Lucio & Luciano
Se fue. Así, como correspondía, sin avisar. Ni siquiera agonizó en silencio por cortesía, como dice Sabina que hizo Ángel González, el poeta, así, en singular. Se fue Lucio Dalla y hasta su muerte fue polémica. Nunca habrá un tipo con una personalidad tan abundante como el cantante italiano que un día tuvo la idea de escribir Caruso, probablemente la mejor canción melódica de la historia. Luego me explico.
Lucio Dalla era cantante, compositor, arreglista, director, cazatalentos, histrión, humorista, sensible, crítico y cítrico, homosexual y católico. Seguramente era más cosas, pero no quiero llenar esta columna con una definición que siempre se quedaría corta. Nunca supe si era un Da Vinci o un tipo raro. O quizás un italiano, que siempre han sido poliédricos hasta que llegó Berlusconi y pretendió convertirlos en espejos de su jeta operada, pero reflejo de su ignominia.
Cuenta la leyenda urbana, y quizás sea verdad, que Luciano Pavarotti le pidió que le hiciera una canción melódica que entroncara con el espíritu lírico de su voz. Y que Lucio Dalla le escribió Caruso, una epopeya lírica, pero melódica, una mezcla mágica entre los dos cantos. Nunca un autor lírico ni un autor pop podrían haber escrito esa canción. Lucio Dalla sí, porque era indescriptible, inclasificable. Un tipo de Bolonia sarcástico y transgresor escribiendo una canción para un tipo de Módena afiliado al bel canto. Para quien no lo conozca (si lo hubiera) basta con que pinche en YouTube “Caruso, Pavarotti, Dalla” y escuche la actuación en directo de ambos genios. El gordo, el del pañuelo floreado, que está de pie, es Pavarotti. El genio, el que está al piano, sentado, con su aspecto de pícaro, es Lucio Dalla. Hago la salvedad, porque Lucio Dalla en esa actuación es quien le hace los agudos al gran Pavarotti. Es él, el del cinturón rojo de Bolonia quien tira para arriba con una segunda voz que parece la primera.
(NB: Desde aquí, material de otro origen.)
(* Let $X$ be a finite or countably infinite set, let $q$ be a probability distribution on $X$, and let $\mathcal{S}=\langle x_1,\dots,x_n\rangle\in X^n$ be a sample. Let $a\ge 0$ and suppose $f:X\to[0,1]$ has training advantage $\hat\alpha(f)\ge a$. Define the probability distribution $q'(x)=q(x)e^{-af(x)}/Z_{q'}$ where $Z_{q'}=\sum_{x\in X}q(x)e^{-af(x)}$. Then $$\hat{L}(q';\mathcal{S})\le\hat{L}(q;\mathcal{S})-a^2/2.$$
   Context: The log-loss of a distribution $q$ on the sample is $\hat{L}(q;\mathcal{S})=-\frac{1}{n}\sum_{i=1}^n\log q(x_i)$. The empirical expectation is $\hat{\mathrm{E}}_{\mathcal{S}}[h(x)]=\frac1n\sum_{i=1}^n h(x_i)$. The training advantage of $f:X\to[0,1]$ (relative to $q$ and $\mathcal{S}$) is $\hat\alpha(f)=\mathrm{E}_{x\sim q}[f(x)]-\hat{\mathrm{E}}_{\mathcal{S}}[f(x)]$. *)

theory Defs
  imports "HOL-Probability.Probability"
begin

definition log_loss :: "('a \<Rightarrow> real) \<Rightarrow> 'a list \<Rightarrow> real" where
  "log_loss q xs = - (1 / real (length xs)) * (\<Sum>x\<leftarrow>xs. ln (q x))"

definition emp_exp :: "'a list \<Rightarrow> ('a \<Rightarrow> real) \<Rightarrow> real" where
  "emp_exp xs h = (1 / real (length xs)) * (\<Sum>x\<leftarrow>xs. h x)"

definition train_adv :: "'a pmf \<Rightarrow> 'a list \<Rightarrow> ('a \<Rightarrow> real) \<Rightarrow> real" where
  "train_adv q xs f = measure_pmf.expectation q f - emp_exp xs f"

definition Zq :: "'a pmf \<Rightarrow> real \<Rightarrow> ('a \<Rightarrow> real) \<Rightarrow> real" where
  "Zq q a f = (\<Sum>\<^sub>\<infinity>x\<in>UNIV. pmf q x * exp (- a * f x))"

definition reweight :: "'a pmf \<Rightarrow> real \<Rightarrow> ('a \<Rightarrow> real) \<Rightarrow> 'a \<Rightarrow> real" where
  "reweight q a f x = pmf q x * exp (- a * f x) / Zq q a f"

end

theory Submission
  imports Defs
begin

text \<open>
  Taking logarithms, the log-loss of the reweighted distribution q' exceeds that of q by exactly
  a times the empirical mean of f plus ln Z.  Since exp (- t) \<le> 1 - t + t^2 / 2 for t \<ge> 0
  and 0 \<le> a f \<le> a, the normaliser satisfies Z \<le> 1 - a E_q[f] + a^2 / 2, hence
  ln Z \<le> Z - 1 \<le> - a E_q[f] + a^2 / 2.  The loss therefore changes by at most
  - a \<cdot> (training advantage) + a^2 / 2 \<le> - a^2 / 2.
\<close>

lemma exp_minus_le_quadratic:
  fixes t :: real
  assumes "0 \<le> t"
  shows "exp (- t) \<le> 1 - t + t\<^sup>2 / 2"
proof -
  have pos: "0 < 1 + t + t\<^sup>2 / 2"
    using assms by (simp add: add_pos_nonneg)
  have "1 + t + t\<^sup>2 / 2 \<le> exp t"
    using exp_lower_Taylor_quadratic[OF assms] by simp
  then have "exp (- t) \<le> 1 / (1 + t + t\<^sup>2 / 2)"
    using pos by (simp add: exp_minus field_simps)
  also have "\<dots> \<le> 1 - t + t\<^sup>2 / 2"
  proof -
    \<comment> \<open>the product of the two quadratics is 1 + t^4/4\<close>
    have "1 \<le> (1 - t + t\<^sup>2 / 2) * (1 + t + t\<^sup>2 / 2)"
      using assms by (simp add: algebra_simps power2_eq_square)
    then show ?thesis
      using pos by (simp add: divide_le_eq)
  qed
  finally show ?thesis .
qed

lemma pmf_expectation_eq_infsum:
  fixes g :: "'a \<Rightarrow> real"
  assumes "\<And>x. \<bar>g x\<bar> \<le> B"
  shows "measure_pmf.expectation q g = (\<Sum>\<^sub>\<infinity>x. pmf q x * g x)"
proof -
  have "Infinite_Set_Sum.abs_summable_on (\<lambda>x. pmf q x * B) UNIV"
    by (intro abs_summable_on_cmult_left pmf_abs_summable)
  then have "Infinite_Set_Sum.abs_summable_on (\<lambda>x. pmf q x * g x) UNIV"
    by (rule abs_summable_on_comparison_test')
       (simp add: abs_mult assms mult_left_mono)
  then show ?thesis
    by (simp add: pmf_expectation_eq_infsetsum infsetsum_infsum)
qed

lemma Zq_eq_expectation:
  assumes "\<And>x. 0 \<le> a * f x"
  shows "Zq q a f = measure_pmf.expectation q (\<lambda>x. exp (- a * f x))"
  unfolding Zq_def
  by (rule pmf_expectation_eq_infsum[where B = 1, symmetric]) (simp add: assms)

lemma Zq_le_quadratic:
  assumes a: "0 \<le> a" and f: "\<And>x. 0 \<le> f x \<and> f x \<le> 1"
  shows "Zq q a f \<le> 1 - a * measure_pmf.expectation q f + a\<^sup>2 / 2"
proof -
  have int_f: "integrable (measure_pmf q) f"
    by (rule measure_pmf.integrable_const_bound[where B = 1]) (use f in \<open>auto simp: abs_le_iff\<close>)
  have int_exp: "integrable (measure_pmf q) (\<lambda>x. exp (- a * f x))"
    by (rule measure_pmf.integrable_const_bound[where B = 1]) (use a f in auto)
  have bound: "exp (- a * f x) \<le> 1 - a * f x + a\<^sup>2 / 2" for x
  proof -
    have "exp (- a * f x) \<le> 1 - a * f x + (a * f x)\<^sup>2 / 2"
      using exp_minus_le_quadratic[of "a * f x"] a f[of x] by simp
    moreover have "(a * f x)\<^sup>2 \<le> a\<^sup>2"
      using a f[of x] by (simp add: power_mult_distrib power_le_one mult_left_le)
    ultimately show ?thesis by simp
  qed
  have "Zq q a f = measure_pmf.expectation q (\<lambda>x. exp (- a * f x))"
    using a f by (simp add: Zq_eq_expectation)
  also have "\<dots> \<le> measure_pmf.expectation q (\<lambda>x. 1 - a * f x + a\<^sup>2 / 2)"
    by (rule integral_mono[OF int_exp]) (use int_f bound in auto)
  also have "\<dots> = 1 - a * measure_pmf.expectation q f + a\<^sup>2 / 2"
    using int_f by simp
  finally show ?thesis .
qed

lemma exp_minus_le_Zq:
  assumes a: "0 \<le> a" and f: "\<And>x. 0 \<le> f x \<and> f x \<le> 1"
  shows "exp (- a) \<le> Zq q a f"
proof -
  have "exp (- a) \<le> measure_pmf.expectation q (\<lambda>x. exp (- a * f x))"
  proof (rule measure_pmf.integral_ge_const)
    show "integrable (measure_pmf q) (\<lambda>x. exp (- a * f x))"
      by (rule measure_pmf.integrable_const_bound[where B = 1]) (use a f in auto)
    show "AE x in measure_pmf q. exp (- a) \<le> exp (- a * f x)"
      using a f by (simp add: mult_left_le)
  qed
  then show ?thesis
    using a f by (simp add: Zq_eq_expectation)
qed

lemma log_loss_reweight:
  assumes "xs \<noteq> []" and pos: "\<And>x. x \<in> set xs \<Longrightarrow> 0 < pmf q x" and Z: "0 < Zq q a f"
  shows "log_loss (reweight q a f) xs = log_loss (pmf q) xs + a * emp_exp xs f + ln (Zq q a f)"
proof -
  have "ln (reweight q a f x) = ln (pmf q x) - a * f x - ln (Zq q a f)" if "x \<in> set xs" for x
    using pos[OF that] Z by (simp add: reweight_def ln_div ln_mult)
  then have "(\<Sum>x\<leftarrow>xs. ln (reweight q a f x)) = (\<Sum>x\<leftarrow>xs. ln (pmf q x) - a * f x - ln (Zq q a f))"
    by (intro arg_cong[where f = sum_list] map_cong) simp_all
  also have "\<dots> = (\<Sum>x\<leftarrow>xs. ln (pmf q x)) - a * (\<Sum>x\<leftarrow>xs. f x) - real (length xs) * ln (Zq q a f)"
    by (simp add: sum_list_subtractf sum_list_const_mult sum_list_triv)
  finally show ?thesis
    using \<open>xs \<noteq> []\<close> by (simp add: log_loss_def emp_exp_def field_simps)
qed

theorem lemma1:
  fixes q :: "'a::countable pmf" and xs :: "'a list" and a :: real and f :: "'a \<Rightarrow> real"
  assumes "xs \<noteq> []"
    and "\<And>x. x \<in> set xs \<Longrightarrow> pmf q x > 0"
    and "a \<ge> 0"
    and "\<And>x. 0 \<le> f x \<and> f x \<le> 1"
    and "train_adv q xs f \<ge> a"
  shows "log_loss (reweight q a f) xs \<le> log_loss (pmf q) xs - a\<^sup>2 / 2"
proof -
  have Z_pos: "0 < Zq q a f"
    using exp_minus_le_Zq[of a f q, OF assms(3,4)] by (rule less_le_trans[OF exp_gt_zero])
  have "ln (Zq q a f) \<le> - a * measure_pmf.expectation q f + a\<^sup>2 / 2"
    using ln_le_minus_one[OF Z_pos] Zq_le_quadratic[of a f q, OF assms(3,4)] by simp
  moreover have "a * a \<le> a * train_adv q xs f"
    using mult_left_mono[OF assms(5,3)] .
  ultimately show ?thesis
    using log_loss_reweight[OF assms(1,2) Z_pos]
    by (simp add: train_adv_def algebra_simps power2_eq_square)
qed

end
Así era Lucio Dalla, a quien parecía no abandonarle nunca la voz, ni el timbre, ni, desde luego, la capacidad inventiva. Pertenecía a esa Italia fértil que escapaba de la maniquea Italia romanticona, pero capaz al mismo tiempo de escribir la mejor canción sentimental de la historia. A eso vengo. No se puede contar más en tan pocas líneas y con tan pocos acordes, pero con tanta sensibilidad. La sensibilidad del payaso, del clown que igual te hace reír que llorar porque domina todos los registros y es capaz de competir cantando con la mejor voz lírica de las últimas décadas. Y sin despeinarse, dando paso al maestro. Y así murió. Montando el pollo entre gais, iglesias y políticos. Me lo imagino sonriendo en su funeral, con un ojo entreabierto y tarareando “te voglio bene assai”, un poco antes de partirse el pecho de la risa. Refocilándose de puristas y puretas. Ciao, gran bufón. Ríe y descansa.